Я совсем не хотел быть ещё одним другом, который добр и отзывчив, который всегда придёт на помощь. И больше всего я боялся, что Акела начнёт смеяться надо мной, как Селена. Если насмешки от Селены я мог бы снести, то от разбойницы... При одной мысли о таком положении мне становилось обидно и начинало мутить.
Все эти мысли проносились в голове стоило мне остаться в одиночестве. Когда я встречал Акелу, во мне всё словно переворачивалось. Глупые сомнения улетали прочь от одной её улыбки.
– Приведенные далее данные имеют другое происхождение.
(* There exists a closed convex cone $\mathcal{K}\subseteq \mathbb{R}^4$ that is nice but not amenable.
   Context: A face of a closed convex set $C$ is a closed convex subset $F\subseteq C$ such that whenever $x,y\in C$ and $\alpha x+(1-\alpha)y\in F$ for some $\alpha\in(0,1)$, then $x,y\in F$. For a set $S$, $\mathcal{K}^*$ denotes the dual cone $\{y: \langle y,x\rangle\ge 0\ \forall x\in\mathcal{K}\}$ and $S^\perp$ the orthogonal complement. A closed convex cone $\mathcal{K}$ is nice (facially dual complete) if $\mathcal{F}^*=\mathcal{K}^*+\mathcal{F}^\perp$ for every face $\mathcal{F}$ of $\mathcal{K}$. A face $F$ of a closed convex set $C$ is amenable if for every bounded set $B$ there exists $\kappa>0$ such that $\operatorname{dist}(x,F)\le\kappa\operatorname{dist}(x,C)$ for all $x\in(\operatorname{aff}F)\cap B$; $C$ is amenable if all its faces are amenable. (For a cone this is equivalent to: for each face $\mathcal{F}$ there is $\kappa>0$ with $\operatorname{dist}(x,\mathcal{F})\le\kappa\operatorname{dist}(x,\mathcal{K})$ for all $x\in\operatorname{span}\mathcal{F}$.) *)

theory Defs
  imports "HOL-Analysis.Analysis"
begin

definition is_face :: "'a::real_inner set \<Rightarrow> 'a set \<Rightarrow> bool" where
  "is_face F C \<longleftrightarrow> closed F \<and> convex F \<and> F \<subseteq> C \<and>
     (\<forall>x\<in>C. \<forall>y\<in>C. \<forall>\<alpha>::real. 0 < \<alpha> \<and> \<alpha> < 1 \<and> \<alpha> *\<^sub>R x + (1 - \<alpha>) *\<^sub>R y \<in> F \<longrightarrow> x \<in> F \<and> y \<in> F)"

definition dual_cone :: "'a::real_inner set \<Rightarrow> 'a set" where
  "dual_cone K = {y. \<forall>x\<in>K. inner y x \<ge> 0}"

definition orth_compl :: "'a::real_inner set \<Rightarrow> 'a set" where
  "orth_compl S = {y. \<forall>x\<in>S. inner y x = 0}"

definition nice_cone :: "'a::real_inner set \<Rightarrow> bool" where
  "nice_cone K \<longleftrightarrow> (\<forall>F. is_face F K \<longrightarrow>
     dual_cone F = {a + b | a b. a \<in> dual_cone K \<and> b \<in> orth_compl F})"

definition amenable_face :: "'a::euclidean_space set \<Rightarrow> 'a set \<Rightarrow> bool" where
  "amenable_face F C \<longleftrightarrow> (\<forall>B. bounded B \<longrightarrow>
     (\<exists>\<kappa>>0. \<forall>x \<in> (affine hull F) \<inter> B. infdist x F \<le> \<kappa> * infdist x C))"

definition amenable :: "'a::euclidean_space set \<Rightarrow> bool" where
  "amenable C \<longleftrightarrow> (\<forall>F. is_face F C \<longrightarrow> amenable_face F C)"

end

theory Submission
  imports Defs
begin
И первый же вопрос о возможной свадьбе, смутил девушку. Но когда я увидел её примеряющей подвенечное платье, то все мои сомнения испарились как роса под солнцем пустыни. Она была не против... Даже не так! Она была этому рада!
И когда я поднёс ей колечко с бриллиантом, всё было уже решено...
Между тем Магдалена была права. До того времени, как я решил взять на себя ответственность за Акелу, моя судьба была проста и кристально ясна: бесконечные путешествия и походы вместе с другими героями в самые дальние уголки нашего мира. Теперь же все её риторические вопросы требовали ответов.
Уже тогда, в пятнадцать лет мне пришлось задуматься о далёком будущем. И что самое интересное, ответ нашёлся быстро: он прямо-таки лежал на поверхности. Я мог бы профессионально научиться тому, к чему у меня и так лежит душа, и работать не среди героев, но среди простых людей.
Именно тогда я решил стать доктором.
Отец Филоктет одобрил моё желание и благословил мою учёбу, и будущий брак. Старшая сестра не удержалась от шпильки и выдала: "Простым докторам платят не так уж много, так что ты уж постарайся стать самым лучшим!"
-С Божьей помощью, - ответил ей я.
Дни перед нашей свадьбой с Акелой были самыми суматошными и самыми потрясающими. Практически всё время мы проводили вместе, что в общем-то не рекомендуется жениху и невесте... И я тогда понял, почему. Мы оба поняли.
Каким чудом мы держались до самого последнего момента, даже сейчас представить трудно. В наших сердцах уже все было решено, и они рвались друг к другу не взирая на все общественные правила. Каждый взгляд, каждое прикосновение вызывало такую бурю ощущений, что иногда становилось страшно.
Невероятным усилием воли, мы не виделись в два последних дня.
Свадьба была весёлая и пролетела во мгновение ока. И наконец-то мы остались наедине.
Моё семейство подарило нам поездку на Явайи, что стало для нас необыкновенным приключением. Все воспоминания о тех моментах для меня осияны золотым светом летнего солнца.